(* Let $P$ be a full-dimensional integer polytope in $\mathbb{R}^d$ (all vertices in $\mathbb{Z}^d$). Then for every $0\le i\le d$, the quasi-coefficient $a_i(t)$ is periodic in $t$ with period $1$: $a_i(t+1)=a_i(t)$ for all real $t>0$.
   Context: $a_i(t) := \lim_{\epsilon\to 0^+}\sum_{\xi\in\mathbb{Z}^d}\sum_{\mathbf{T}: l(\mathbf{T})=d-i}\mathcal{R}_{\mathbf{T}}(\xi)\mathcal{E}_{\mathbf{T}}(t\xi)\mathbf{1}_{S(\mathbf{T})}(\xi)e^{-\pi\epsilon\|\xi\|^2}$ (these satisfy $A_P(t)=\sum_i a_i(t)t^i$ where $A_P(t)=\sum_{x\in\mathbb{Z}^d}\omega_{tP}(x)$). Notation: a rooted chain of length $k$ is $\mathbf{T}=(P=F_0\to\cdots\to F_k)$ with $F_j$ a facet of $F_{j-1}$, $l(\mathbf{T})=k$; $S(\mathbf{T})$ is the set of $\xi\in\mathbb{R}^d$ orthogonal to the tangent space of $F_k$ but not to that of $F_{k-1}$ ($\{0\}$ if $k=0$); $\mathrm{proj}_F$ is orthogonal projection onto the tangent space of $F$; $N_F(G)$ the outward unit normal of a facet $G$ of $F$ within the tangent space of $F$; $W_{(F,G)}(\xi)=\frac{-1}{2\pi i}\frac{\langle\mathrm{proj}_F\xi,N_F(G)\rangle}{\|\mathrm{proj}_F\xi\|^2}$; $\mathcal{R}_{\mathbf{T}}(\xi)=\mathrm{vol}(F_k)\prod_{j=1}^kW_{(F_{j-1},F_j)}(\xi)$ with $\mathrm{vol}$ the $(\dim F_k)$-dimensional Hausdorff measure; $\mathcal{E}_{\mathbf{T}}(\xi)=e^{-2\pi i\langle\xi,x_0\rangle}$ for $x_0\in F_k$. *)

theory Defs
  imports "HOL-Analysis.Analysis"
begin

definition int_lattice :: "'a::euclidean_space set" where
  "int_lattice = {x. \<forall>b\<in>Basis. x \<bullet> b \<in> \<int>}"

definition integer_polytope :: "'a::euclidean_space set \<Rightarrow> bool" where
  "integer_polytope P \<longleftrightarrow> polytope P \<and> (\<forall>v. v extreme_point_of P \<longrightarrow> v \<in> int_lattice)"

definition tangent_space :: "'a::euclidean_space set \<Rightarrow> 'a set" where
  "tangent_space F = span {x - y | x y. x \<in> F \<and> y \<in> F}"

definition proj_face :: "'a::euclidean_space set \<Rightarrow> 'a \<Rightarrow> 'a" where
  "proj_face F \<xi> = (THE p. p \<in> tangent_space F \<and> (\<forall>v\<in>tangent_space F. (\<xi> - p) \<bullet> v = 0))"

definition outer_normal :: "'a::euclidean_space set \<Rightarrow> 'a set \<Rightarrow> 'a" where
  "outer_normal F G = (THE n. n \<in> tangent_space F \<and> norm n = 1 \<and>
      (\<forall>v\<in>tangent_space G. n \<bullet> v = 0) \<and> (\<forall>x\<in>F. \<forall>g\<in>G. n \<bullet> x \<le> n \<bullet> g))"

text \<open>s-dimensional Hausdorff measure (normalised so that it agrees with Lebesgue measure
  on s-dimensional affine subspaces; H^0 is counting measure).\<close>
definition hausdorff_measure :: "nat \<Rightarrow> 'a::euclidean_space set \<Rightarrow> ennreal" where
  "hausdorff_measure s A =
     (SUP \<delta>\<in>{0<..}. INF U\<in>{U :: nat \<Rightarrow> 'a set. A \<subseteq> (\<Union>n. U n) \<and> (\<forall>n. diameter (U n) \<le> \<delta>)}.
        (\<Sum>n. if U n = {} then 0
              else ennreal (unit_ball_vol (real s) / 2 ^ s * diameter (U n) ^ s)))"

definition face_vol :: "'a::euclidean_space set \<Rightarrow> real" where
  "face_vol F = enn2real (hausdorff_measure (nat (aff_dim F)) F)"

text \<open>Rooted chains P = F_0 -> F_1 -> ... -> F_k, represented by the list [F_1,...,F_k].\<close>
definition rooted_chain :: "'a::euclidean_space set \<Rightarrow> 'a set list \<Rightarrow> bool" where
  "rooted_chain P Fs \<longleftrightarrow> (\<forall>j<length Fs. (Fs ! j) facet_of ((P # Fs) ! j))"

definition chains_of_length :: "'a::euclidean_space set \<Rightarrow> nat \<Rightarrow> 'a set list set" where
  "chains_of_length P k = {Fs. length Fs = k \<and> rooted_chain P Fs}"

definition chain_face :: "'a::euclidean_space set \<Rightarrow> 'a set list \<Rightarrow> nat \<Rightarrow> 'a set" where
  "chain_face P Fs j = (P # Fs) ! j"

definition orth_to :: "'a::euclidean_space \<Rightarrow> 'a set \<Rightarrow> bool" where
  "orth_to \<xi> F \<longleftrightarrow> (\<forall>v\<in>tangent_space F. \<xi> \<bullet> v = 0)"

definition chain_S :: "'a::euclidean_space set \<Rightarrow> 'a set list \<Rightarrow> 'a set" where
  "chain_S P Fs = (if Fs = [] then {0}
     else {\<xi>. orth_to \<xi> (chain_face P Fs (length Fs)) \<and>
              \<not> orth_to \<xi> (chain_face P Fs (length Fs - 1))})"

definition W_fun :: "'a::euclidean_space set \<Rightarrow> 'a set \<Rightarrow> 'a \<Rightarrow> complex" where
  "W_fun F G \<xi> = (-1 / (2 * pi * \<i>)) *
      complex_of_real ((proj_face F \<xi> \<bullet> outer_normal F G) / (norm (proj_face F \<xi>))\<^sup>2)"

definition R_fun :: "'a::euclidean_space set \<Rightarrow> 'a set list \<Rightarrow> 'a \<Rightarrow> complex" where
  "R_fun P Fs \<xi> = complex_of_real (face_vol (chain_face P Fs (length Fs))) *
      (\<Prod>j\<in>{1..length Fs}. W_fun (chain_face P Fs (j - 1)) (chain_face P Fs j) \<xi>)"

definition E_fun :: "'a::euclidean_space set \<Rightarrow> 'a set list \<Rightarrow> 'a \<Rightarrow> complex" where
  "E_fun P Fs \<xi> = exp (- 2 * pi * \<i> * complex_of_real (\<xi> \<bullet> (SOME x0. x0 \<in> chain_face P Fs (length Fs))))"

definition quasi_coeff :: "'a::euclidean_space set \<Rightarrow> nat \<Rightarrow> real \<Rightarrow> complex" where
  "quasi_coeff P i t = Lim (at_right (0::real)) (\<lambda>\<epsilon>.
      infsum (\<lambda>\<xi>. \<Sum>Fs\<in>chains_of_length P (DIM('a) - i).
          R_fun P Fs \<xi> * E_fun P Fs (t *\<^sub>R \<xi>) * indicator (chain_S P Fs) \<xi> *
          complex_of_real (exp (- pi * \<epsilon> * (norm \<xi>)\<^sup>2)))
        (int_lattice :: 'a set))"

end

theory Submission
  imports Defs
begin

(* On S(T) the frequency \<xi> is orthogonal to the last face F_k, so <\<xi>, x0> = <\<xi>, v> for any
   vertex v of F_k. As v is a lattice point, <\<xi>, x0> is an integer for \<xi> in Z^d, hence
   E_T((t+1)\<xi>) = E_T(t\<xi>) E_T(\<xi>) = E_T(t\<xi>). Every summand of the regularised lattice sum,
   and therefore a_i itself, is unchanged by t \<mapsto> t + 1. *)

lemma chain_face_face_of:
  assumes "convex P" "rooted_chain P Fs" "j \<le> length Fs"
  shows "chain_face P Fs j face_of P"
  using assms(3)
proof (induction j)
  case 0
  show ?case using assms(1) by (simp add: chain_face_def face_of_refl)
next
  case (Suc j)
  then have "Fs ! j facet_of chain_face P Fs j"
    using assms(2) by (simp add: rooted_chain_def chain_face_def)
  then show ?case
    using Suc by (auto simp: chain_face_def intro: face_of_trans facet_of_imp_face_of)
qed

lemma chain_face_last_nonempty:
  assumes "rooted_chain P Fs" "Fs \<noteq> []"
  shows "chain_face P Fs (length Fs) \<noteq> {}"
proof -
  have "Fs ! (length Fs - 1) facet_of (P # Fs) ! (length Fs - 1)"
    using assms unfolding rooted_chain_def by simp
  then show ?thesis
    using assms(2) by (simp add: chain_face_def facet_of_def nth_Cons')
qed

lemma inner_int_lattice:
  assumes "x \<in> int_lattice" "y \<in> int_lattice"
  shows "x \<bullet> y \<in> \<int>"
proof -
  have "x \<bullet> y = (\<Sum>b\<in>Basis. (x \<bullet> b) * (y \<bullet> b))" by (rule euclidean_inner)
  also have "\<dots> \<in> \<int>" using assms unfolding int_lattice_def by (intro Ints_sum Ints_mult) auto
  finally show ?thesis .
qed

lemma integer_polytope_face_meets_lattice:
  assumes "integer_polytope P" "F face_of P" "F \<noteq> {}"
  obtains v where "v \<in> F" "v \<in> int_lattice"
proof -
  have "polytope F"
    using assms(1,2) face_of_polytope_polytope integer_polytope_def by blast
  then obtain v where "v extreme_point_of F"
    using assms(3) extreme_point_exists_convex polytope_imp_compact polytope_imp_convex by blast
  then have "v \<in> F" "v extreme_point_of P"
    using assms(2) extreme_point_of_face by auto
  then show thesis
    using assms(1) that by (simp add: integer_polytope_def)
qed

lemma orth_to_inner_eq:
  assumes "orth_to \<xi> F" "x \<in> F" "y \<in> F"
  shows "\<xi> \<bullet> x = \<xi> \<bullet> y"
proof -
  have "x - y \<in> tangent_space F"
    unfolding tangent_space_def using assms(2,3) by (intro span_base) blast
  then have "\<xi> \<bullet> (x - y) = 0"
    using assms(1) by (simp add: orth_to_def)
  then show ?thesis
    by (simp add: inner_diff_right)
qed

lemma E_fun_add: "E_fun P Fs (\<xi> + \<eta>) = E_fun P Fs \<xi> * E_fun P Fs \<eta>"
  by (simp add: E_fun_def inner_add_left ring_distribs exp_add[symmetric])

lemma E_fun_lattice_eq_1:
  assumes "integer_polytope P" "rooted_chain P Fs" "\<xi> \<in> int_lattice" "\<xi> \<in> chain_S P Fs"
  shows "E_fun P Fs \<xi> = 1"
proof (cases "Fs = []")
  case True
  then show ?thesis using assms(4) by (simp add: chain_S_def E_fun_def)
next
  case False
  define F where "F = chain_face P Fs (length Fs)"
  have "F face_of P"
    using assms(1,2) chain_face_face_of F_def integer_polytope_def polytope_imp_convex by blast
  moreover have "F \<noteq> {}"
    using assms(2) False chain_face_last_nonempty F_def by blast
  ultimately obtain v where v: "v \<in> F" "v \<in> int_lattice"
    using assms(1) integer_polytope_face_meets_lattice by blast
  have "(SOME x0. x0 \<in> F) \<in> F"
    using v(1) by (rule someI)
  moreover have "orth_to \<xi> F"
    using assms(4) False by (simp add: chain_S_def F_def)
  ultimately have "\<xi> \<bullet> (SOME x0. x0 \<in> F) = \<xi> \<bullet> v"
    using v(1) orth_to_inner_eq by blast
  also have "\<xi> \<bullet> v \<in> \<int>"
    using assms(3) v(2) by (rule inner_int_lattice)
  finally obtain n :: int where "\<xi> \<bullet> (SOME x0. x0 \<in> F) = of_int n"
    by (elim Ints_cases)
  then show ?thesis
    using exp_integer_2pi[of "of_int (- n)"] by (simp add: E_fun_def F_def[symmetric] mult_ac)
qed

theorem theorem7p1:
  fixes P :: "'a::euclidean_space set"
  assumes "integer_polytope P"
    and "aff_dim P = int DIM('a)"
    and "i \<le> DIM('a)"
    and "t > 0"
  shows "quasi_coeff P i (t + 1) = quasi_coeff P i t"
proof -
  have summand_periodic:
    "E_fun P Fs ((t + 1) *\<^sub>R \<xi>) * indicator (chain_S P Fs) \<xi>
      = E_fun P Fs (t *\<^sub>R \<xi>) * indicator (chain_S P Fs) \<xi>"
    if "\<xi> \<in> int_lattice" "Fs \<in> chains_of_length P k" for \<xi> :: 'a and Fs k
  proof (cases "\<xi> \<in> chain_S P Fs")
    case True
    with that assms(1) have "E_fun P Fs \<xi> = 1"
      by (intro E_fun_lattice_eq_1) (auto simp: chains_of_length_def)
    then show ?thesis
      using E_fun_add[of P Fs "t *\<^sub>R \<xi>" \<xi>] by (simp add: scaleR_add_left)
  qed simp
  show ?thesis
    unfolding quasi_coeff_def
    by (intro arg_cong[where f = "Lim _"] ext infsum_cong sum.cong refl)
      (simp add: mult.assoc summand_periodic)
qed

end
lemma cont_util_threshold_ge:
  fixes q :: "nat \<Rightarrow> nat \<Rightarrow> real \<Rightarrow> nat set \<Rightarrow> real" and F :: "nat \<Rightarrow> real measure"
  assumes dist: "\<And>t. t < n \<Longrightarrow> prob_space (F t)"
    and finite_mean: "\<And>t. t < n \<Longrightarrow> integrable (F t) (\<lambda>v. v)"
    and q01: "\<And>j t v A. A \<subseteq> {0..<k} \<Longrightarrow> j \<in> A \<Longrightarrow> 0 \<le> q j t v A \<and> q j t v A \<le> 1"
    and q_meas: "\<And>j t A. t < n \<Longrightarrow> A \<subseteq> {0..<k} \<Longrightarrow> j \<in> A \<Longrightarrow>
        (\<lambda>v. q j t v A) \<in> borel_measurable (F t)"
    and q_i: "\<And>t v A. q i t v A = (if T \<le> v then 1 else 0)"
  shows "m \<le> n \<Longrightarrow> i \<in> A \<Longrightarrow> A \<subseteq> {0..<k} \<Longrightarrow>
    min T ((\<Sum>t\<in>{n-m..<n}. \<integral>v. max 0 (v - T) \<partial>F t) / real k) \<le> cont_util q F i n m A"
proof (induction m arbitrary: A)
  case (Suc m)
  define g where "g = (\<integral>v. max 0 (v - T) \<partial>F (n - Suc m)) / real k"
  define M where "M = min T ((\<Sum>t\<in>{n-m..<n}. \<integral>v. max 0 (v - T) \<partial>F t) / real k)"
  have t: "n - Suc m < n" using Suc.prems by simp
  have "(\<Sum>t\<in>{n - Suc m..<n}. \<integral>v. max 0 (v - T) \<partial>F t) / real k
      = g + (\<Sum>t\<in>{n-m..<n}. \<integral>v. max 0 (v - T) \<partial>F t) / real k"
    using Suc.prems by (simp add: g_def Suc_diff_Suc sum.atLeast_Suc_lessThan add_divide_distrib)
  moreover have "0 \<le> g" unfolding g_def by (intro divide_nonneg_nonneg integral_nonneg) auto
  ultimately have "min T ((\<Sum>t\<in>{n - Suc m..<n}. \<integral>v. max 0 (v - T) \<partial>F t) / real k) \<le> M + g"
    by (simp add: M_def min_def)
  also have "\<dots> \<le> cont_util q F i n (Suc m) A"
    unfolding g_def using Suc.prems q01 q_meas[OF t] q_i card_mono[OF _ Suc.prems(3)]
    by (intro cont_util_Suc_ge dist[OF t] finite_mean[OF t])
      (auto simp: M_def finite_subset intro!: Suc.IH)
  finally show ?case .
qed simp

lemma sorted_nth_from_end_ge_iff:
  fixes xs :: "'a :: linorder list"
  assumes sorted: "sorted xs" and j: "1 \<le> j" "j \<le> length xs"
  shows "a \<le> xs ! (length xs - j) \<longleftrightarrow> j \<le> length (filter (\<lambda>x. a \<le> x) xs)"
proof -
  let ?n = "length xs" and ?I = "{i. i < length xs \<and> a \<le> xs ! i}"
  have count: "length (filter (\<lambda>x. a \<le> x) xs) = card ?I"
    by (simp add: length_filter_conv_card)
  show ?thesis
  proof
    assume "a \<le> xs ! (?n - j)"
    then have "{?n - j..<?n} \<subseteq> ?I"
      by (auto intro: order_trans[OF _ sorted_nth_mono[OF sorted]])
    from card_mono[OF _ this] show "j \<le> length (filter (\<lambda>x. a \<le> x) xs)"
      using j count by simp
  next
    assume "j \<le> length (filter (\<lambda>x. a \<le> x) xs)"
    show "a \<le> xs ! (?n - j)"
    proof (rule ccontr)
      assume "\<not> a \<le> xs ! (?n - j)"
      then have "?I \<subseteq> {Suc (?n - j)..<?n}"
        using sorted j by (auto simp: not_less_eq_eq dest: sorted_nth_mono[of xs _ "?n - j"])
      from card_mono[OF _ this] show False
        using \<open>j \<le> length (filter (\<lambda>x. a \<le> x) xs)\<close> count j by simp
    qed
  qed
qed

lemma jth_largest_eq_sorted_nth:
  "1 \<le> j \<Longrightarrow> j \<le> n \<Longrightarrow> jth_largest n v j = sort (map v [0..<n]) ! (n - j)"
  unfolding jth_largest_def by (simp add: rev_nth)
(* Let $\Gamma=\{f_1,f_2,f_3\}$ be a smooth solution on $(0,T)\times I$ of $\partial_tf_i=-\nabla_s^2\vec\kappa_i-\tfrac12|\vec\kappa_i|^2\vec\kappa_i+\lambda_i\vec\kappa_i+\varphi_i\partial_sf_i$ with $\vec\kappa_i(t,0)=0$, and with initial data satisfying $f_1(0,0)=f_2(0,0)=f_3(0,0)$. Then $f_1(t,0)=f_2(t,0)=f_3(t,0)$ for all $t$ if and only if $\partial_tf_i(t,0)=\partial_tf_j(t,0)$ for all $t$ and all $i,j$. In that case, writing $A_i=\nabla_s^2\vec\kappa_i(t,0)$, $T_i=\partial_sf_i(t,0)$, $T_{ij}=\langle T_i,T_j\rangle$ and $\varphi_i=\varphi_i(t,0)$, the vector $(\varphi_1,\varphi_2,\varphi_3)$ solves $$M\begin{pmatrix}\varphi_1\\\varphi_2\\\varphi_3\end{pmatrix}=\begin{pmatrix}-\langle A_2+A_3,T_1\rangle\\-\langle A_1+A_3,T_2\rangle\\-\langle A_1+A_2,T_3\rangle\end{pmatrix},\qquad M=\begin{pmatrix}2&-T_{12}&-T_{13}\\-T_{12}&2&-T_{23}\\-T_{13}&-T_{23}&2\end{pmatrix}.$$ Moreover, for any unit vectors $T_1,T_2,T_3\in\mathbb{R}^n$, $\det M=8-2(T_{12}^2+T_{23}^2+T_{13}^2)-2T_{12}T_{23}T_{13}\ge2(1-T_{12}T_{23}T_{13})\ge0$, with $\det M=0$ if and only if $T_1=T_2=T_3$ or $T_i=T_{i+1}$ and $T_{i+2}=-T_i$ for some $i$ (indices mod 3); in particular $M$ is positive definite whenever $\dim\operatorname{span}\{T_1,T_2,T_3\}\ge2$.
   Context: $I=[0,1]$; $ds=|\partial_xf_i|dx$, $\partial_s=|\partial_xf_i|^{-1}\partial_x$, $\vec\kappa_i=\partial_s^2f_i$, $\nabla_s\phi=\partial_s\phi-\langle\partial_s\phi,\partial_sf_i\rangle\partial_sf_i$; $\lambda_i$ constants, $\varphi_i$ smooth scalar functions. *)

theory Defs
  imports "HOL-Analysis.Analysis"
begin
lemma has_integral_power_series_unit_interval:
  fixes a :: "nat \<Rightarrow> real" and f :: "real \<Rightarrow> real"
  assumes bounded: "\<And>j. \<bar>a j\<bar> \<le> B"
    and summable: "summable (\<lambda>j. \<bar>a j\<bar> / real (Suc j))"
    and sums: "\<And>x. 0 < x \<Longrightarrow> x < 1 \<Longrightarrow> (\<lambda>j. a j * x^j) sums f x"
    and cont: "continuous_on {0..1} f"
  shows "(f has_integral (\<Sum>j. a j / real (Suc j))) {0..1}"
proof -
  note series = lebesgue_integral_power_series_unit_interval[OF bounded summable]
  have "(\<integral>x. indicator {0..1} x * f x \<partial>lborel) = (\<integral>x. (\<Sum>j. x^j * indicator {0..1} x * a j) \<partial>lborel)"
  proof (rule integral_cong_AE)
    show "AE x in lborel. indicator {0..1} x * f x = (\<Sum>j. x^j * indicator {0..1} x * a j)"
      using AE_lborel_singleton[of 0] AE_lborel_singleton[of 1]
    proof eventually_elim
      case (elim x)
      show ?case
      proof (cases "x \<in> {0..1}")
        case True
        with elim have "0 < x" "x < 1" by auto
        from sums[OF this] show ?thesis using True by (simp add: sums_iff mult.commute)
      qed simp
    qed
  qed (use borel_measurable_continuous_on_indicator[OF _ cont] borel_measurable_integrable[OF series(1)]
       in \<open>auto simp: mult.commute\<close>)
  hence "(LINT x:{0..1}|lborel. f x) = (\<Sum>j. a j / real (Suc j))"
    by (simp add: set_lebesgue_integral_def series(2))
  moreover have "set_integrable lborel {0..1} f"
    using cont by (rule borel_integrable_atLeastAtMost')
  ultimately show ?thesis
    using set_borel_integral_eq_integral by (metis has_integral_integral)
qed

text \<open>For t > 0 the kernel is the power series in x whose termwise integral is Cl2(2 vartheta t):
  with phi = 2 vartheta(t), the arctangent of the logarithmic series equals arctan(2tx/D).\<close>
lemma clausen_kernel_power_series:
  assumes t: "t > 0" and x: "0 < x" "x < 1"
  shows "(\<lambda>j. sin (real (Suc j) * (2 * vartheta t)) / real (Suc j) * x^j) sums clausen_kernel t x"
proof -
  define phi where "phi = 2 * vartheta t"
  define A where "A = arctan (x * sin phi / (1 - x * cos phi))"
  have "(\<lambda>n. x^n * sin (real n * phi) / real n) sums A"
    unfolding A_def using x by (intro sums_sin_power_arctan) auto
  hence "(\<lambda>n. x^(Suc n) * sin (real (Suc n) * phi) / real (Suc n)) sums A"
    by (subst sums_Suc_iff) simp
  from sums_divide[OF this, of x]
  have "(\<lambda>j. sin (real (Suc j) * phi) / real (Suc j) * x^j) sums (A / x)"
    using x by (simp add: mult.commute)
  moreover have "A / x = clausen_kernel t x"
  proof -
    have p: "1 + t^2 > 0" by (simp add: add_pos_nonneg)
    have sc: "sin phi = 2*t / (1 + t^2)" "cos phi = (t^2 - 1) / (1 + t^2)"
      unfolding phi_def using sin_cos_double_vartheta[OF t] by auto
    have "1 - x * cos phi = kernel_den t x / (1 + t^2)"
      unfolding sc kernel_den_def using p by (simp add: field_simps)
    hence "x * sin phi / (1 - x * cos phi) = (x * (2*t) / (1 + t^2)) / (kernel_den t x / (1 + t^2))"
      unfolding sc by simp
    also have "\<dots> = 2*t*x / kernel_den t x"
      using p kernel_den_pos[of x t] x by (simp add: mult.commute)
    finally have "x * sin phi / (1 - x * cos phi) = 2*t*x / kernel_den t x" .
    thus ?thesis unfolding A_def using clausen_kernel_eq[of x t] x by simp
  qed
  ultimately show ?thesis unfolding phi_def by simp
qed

Try it: Where a line of the listing holds "Basis", show that line.

Task result:
  "int_lattice = {x. \<forall>b\<in>Basis. x \<bullet> b \<in> \<int>}"
  have "x \<bullet> y = (\<Sum>b\<in>Basis. (x \<bullet> b) * (y \<bullet> b))" by (rule euclidean_inner)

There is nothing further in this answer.